__Task to complete__
Every line below that has the string "assumes" needs to be copied.
___ Records to use ___
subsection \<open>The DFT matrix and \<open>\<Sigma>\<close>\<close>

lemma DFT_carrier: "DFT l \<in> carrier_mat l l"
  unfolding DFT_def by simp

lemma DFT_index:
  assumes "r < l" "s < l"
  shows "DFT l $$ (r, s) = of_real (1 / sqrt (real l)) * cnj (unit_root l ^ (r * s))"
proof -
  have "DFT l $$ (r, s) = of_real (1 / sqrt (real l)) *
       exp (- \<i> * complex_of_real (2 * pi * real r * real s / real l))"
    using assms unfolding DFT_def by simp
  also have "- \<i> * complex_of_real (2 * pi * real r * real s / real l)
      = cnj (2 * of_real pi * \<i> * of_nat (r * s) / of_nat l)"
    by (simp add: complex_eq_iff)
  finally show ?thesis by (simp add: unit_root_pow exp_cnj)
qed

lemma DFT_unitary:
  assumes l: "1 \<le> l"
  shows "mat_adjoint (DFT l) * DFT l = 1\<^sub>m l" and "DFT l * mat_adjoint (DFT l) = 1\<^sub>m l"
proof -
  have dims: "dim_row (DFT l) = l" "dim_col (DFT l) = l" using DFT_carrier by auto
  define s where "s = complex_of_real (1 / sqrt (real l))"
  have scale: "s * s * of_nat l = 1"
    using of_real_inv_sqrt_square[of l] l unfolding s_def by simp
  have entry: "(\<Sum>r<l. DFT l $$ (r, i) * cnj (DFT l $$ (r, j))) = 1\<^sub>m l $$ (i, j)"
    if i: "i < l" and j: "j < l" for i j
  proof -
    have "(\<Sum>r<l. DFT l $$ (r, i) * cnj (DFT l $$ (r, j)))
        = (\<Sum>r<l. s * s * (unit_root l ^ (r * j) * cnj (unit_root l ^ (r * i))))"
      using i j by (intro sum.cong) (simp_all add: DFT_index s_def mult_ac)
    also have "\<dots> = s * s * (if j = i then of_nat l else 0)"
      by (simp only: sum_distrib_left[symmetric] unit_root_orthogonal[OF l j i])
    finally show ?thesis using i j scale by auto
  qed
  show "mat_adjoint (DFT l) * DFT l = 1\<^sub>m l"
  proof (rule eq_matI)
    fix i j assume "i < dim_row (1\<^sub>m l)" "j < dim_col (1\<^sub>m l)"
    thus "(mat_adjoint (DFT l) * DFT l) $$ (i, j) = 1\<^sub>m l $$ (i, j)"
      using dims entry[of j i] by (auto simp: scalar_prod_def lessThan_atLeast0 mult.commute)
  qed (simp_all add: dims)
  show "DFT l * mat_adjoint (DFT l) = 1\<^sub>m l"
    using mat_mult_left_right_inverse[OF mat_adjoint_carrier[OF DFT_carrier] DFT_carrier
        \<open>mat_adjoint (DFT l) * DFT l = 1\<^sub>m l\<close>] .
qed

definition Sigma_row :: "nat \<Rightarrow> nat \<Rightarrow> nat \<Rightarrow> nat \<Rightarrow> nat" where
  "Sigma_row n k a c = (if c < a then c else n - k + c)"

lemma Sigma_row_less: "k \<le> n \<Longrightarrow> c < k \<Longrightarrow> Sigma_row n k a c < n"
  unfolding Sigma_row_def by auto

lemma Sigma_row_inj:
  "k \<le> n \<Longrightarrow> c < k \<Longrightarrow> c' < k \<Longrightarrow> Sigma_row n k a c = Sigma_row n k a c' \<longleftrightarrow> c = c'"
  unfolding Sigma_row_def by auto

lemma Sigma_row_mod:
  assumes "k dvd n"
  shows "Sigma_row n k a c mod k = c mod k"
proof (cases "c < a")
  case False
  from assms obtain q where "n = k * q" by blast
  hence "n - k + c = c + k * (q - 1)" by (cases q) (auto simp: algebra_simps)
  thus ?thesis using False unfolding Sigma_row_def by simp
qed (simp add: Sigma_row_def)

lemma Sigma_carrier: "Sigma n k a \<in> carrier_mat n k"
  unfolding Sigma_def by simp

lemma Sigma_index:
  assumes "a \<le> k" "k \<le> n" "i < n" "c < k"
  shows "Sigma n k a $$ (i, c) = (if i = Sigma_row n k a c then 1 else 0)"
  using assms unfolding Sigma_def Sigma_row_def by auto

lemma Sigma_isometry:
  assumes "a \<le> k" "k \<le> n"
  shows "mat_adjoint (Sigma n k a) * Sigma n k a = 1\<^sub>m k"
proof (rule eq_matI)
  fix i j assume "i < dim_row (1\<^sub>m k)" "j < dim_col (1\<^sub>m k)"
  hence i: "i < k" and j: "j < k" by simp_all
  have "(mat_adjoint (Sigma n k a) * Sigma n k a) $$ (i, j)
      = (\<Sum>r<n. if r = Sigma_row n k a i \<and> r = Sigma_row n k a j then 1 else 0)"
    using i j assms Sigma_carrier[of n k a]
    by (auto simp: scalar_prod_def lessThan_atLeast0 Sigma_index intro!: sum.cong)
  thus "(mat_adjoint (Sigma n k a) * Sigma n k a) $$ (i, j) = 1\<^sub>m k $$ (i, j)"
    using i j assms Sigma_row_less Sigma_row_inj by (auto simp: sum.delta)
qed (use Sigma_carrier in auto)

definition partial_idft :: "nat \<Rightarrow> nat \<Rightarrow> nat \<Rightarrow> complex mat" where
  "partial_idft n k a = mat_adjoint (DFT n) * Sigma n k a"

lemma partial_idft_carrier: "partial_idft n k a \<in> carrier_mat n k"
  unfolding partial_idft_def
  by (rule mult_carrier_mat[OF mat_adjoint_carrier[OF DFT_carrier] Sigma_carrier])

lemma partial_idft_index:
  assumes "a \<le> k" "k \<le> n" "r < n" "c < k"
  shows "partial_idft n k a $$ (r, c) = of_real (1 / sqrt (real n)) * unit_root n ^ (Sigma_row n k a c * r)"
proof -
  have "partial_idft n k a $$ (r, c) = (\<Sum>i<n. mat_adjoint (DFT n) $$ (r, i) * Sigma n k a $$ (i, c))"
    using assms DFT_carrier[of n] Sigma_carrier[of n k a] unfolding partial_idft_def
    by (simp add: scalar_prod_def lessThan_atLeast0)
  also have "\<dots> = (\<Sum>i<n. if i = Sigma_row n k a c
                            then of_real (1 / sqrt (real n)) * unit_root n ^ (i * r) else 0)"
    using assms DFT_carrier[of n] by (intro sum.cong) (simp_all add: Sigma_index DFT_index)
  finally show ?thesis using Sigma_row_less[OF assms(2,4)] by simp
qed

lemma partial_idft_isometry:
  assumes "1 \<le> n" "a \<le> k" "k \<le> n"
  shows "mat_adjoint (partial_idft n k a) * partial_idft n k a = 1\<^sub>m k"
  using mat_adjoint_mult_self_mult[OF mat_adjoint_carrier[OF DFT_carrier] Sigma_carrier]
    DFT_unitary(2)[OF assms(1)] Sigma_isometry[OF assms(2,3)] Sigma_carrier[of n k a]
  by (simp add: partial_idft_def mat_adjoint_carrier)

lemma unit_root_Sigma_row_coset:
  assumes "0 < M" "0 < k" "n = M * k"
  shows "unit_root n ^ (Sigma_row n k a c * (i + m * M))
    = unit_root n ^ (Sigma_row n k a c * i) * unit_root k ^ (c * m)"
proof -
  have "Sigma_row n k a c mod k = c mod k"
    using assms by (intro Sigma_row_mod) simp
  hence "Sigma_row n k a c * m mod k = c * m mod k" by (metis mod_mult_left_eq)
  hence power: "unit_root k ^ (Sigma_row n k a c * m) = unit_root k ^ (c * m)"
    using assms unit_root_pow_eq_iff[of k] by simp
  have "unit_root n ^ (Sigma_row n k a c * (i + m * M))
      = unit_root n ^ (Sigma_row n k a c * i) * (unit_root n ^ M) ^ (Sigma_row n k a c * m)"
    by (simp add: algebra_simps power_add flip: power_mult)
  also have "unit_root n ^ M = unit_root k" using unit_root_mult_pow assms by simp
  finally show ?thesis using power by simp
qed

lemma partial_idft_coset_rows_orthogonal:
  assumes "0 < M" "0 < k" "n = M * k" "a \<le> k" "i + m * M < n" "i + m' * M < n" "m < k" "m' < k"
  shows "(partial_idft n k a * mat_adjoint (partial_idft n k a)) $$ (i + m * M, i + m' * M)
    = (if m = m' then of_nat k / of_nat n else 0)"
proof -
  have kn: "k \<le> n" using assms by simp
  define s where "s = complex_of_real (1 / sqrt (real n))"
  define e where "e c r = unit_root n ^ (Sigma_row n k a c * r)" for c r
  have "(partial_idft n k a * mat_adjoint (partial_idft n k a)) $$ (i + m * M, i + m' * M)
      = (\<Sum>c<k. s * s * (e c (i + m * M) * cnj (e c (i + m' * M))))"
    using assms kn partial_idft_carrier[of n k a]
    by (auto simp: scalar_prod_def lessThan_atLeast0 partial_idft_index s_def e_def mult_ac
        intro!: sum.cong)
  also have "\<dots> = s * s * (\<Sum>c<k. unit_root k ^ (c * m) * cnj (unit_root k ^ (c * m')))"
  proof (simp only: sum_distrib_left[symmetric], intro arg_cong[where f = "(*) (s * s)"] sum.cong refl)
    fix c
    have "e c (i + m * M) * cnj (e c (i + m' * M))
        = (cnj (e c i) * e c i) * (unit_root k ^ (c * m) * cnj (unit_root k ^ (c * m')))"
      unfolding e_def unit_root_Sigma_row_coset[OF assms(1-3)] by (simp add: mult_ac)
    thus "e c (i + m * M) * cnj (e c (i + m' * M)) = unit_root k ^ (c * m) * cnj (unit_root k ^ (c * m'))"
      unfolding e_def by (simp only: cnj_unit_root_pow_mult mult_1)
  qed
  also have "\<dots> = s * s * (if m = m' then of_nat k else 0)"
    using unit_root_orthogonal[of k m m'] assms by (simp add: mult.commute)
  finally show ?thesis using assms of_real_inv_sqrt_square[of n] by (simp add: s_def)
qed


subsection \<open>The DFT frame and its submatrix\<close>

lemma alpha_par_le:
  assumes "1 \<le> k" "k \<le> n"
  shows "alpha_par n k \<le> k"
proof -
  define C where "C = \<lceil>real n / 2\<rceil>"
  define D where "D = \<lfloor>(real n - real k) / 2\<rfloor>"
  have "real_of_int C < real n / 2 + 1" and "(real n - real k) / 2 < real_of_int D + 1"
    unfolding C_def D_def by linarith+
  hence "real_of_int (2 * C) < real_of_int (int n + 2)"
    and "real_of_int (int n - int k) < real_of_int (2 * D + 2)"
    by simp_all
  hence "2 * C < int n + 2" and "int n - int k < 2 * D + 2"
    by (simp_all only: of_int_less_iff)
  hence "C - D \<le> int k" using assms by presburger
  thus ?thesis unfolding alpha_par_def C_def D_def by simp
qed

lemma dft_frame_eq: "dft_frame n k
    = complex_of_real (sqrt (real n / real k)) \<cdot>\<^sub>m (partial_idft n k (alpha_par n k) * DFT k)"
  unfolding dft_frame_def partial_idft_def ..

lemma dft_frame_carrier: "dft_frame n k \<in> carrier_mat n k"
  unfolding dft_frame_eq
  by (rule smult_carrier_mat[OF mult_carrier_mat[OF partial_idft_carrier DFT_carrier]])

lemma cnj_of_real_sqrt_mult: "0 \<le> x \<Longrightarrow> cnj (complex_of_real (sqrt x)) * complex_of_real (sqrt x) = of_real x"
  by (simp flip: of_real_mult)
___
__Written answer__
  assumes "r < l" "s < l"
  assumes l: "1 \<le> l"
  assumes "k dvd n"
  assumes "a \<le> k" "k \<le> n" "i < n" "c < k"
  assumes "a \<le> k" "k \<le> n"
  assumes "a \<le> k" "k \<le> n" "r < n" "c < k"
  assumes "1 \<le> n" "a \<le> k" "k \<le> n"
  assumes "0 < M" "0 < k" "n = M * k"
  assumes "0 < M" "0 < k" "n = M * k" "a \<le> k" "i + m * M < n" "i + m' * M < n" "m < k" "m' < k"
  assumes "1 \<le> k" "k \<le> n"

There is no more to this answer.